WHAT IS BEING ASKED: The expected answer is the set of lines in the data below between the line holding "(- (\<mu> + \<omega>) *\<^sub>R K) (- (\<mu>" and the line holding "derivative 2 dz", inclusive, written out exactly.

[Collected data entries]
Start of Block

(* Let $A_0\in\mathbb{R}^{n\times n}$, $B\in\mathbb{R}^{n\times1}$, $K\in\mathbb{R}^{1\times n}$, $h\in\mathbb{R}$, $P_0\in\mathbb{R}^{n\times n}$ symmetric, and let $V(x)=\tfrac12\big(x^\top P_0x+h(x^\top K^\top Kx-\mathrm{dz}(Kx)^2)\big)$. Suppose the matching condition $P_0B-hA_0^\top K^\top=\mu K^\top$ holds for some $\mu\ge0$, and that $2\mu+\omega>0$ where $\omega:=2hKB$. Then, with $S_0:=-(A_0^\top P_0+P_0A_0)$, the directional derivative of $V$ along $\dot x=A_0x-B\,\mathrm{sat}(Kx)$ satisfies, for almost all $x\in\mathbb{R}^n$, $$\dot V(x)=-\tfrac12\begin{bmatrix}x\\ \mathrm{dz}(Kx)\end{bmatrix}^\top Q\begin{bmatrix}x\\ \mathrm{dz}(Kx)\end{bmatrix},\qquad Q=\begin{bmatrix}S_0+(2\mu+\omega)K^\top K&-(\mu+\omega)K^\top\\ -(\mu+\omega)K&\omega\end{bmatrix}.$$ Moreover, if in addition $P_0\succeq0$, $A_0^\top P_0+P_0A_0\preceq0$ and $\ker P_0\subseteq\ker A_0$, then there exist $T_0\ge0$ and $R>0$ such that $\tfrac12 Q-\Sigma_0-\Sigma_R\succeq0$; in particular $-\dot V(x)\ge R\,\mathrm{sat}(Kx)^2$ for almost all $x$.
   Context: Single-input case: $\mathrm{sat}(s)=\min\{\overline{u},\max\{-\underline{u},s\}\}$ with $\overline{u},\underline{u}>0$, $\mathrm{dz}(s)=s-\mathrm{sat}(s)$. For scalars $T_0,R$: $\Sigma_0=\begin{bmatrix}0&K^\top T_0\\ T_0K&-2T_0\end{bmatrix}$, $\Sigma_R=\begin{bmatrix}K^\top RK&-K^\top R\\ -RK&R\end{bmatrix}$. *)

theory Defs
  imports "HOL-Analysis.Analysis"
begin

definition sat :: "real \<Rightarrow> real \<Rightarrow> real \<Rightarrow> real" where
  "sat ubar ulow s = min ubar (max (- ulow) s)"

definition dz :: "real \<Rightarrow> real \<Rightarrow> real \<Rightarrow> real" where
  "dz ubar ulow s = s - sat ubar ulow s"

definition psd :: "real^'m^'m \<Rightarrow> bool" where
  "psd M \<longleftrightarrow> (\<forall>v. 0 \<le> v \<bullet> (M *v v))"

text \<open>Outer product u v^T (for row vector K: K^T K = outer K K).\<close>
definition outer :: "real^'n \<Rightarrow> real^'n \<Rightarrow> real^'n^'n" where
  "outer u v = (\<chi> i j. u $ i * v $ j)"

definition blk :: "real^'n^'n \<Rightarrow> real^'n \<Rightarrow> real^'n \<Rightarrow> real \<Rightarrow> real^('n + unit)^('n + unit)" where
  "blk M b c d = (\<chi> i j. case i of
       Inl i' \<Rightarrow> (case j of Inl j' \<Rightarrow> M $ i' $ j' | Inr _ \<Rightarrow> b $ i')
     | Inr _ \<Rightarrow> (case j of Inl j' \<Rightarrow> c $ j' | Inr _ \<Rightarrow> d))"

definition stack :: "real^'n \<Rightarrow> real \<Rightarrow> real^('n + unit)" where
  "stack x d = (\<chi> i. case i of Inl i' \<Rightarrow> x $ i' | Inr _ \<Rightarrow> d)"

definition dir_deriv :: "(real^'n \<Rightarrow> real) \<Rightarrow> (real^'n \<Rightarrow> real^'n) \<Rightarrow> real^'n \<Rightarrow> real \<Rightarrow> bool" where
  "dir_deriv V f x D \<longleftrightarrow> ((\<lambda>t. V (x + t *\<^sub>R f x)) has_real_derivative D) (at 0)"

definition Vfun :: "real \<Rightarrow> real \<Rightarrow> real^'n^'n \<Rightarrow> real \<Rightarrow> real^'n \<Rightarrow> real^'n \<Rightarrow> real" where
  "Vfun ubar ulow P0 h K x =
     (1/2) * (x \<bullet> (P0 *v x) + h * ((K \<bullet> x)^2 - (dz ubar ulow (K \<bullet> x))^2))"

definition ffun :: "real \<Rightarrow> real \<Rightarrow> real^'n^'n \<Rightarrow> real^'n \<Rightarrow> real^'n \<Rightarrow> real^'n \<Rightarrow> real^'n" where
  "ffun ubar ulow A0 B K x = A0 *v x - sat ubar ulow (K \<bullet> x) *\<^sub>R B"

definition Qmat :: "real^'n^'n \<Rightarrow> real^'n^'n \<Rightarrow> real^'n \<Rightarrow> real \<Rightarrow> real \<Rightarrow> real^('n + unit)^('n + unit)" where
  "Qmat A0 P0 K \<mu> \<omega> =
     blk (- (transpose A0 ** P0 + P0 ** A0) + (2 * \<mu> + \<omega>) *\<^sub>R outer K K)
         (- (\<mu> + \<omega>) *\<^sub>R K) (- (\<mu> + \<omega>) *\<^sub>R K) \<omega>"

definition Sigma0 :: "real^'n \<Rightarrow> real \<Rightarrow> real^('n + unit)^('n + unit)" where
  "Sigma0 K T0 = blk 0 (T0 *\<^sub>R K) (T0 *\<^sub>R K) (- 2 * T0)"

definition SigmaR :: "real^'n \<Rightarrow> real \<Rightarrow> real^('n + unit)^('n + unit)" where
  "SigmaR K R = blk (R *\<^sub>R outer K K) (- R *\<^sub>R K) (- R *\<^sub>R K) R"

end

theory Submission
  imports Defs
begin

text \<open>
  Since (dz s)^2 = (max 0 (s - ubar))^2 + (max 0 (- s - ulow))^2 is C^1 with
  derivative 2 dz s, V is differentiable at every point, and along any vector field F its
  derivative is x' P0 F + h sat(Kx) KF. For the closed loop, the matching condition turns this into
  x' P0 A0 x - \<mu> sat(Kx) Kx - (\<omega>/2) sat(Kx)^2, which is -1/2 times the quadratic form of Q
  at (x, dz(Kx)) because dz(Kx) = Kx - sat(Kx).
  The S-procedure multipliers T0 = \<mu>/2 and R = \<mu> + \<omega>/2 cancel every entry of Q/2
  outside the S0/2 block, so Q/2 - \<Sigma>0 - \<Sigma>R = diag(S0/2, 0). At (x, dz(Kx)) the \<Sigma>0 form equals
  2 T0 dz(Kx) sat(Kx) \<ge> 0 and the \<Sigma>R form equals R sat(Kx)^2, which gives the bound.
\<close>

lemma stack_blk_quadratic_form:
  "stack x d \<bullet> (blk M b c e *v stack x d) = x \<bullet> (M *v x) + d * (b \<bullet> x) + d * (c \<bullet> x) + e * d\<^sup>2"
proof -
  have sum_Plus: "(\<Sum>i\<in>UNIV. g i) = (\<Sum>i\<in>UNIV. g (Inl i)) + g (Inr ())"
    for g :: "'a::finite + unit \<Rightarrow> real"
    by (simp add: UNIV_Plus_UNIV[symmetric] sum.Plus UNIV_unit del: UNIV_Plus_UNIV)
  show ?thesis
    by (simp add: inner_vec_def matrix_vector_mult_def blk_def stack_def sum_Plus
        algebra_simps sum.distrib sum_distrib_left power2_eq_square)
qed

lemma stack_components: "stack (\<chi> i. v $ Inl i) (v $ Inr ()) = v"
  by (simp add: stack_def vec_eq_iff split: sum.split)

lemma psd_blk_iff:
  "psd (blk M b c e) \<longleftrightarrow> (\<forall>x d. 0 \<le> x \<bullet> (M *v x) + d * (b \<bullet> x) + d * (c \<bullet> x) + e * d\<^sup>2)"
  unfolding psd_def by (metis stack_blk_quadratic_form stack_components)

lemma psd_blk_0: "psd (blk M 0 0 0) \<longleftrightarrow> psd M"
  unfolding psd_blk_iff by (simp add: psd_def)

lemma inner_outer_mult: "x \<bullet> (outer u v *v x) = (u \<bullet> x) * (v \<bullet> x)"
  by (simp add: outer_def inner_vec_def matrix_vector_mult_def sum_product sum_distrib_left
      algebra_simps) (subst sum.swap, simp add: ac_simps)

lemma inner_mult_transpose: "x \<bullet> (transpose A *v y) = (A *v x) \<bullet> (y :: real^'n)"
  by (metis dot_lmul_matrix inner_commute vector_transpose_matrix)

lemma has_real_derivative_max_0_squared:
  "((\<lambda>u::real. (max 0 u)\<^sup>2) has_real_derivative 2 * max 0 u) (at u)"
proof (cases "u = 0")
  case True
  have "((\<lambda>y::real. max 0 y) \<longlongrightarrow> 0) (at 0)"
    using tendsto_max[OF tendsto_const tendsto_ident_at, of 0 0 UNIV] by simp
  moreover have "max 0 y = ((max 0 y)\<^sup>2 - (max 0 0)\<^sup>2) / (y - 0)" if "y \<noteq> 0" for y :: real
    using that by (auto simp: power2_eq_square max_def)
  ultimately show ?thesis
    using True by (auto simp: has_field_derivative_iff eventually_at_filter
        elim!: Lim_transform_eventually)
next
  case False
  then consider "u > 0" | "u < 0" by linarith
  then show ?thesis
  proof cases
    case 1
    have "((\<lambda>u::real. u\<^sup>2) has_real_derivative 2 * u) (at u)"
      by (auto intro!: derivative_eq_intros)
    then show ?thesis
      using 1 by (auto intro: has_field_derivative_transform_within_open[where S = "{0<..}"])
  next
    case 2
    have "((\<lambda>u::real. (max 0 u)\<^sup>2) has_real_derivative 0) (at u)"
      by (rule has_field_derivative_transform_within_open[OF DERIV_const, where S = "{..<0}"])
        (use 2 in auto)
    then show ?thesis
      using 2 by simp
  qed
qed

End of Block
Start of Block

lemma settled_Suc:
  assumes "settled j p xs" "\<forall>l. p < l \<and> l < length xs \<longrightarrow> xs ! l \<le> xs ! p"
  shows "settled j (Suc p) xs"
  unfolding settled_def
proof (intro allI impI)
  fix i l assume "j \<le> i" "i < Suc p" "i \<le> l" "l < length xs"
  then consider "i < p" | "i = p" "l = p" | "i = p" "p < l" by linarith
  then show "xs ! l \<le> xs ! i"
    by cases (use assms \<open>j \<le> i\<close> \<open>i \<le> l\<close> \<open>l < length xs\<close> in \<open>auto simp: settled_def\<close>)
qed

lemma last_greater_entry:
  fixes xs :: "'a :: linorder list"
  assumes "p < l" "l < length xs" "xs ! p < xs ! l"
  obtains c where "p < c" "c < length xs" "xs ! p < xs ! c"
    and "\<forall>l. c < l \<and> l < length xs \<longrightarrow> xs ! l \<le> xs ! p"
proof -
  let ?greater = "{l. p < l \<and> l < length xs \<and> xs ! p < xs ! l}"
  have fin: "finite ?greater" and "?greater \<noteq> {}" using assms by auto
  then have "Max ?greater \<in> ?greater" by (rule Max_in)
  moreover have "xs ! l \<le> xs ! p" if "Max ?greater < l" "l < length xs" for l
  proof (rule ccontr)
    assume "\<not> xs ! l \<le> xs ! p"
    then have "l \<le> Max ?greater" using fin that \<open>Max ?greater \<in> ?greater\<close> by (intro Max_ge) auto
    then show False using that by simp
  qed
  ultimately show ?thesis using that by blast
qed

End of Block

EXERCISE SOLUTION:
         (- (\<mu> + \<omega>) *\<^sub>R K) (- (\<mu> + \<omega>) *\<^sub>R K) \<omega>"

definition Sigma0 :: "real^'n \<Rightarrow> real \<Rightarrow> real^('n + unit)^('n + unit)" where
  "Sigma0 K T0 = blk 0 (T0 *\<^sub>R K) (T0 *\<^sub>R K) (- 2 * T0)"

definition SigmaR :: "real^'n \<Rightarrow> real \<Rightarrow> real^('n + unit)^('n + unit)" where
  "SigmaR K R = blk (R *\<^sub>R outer K K) (- R *\<^sub>R K) (- R *\<^sub>R K) R"

end

theory Submission
  imports Defs
begin

text \<open>
  Since (dz s)^2 = (max 0 (s - ubar))^2 + (max 0 (- s - ulow))^2 is C^1 with
  derivative 2 dz s, V is differentiable at every point, and along any vector field F its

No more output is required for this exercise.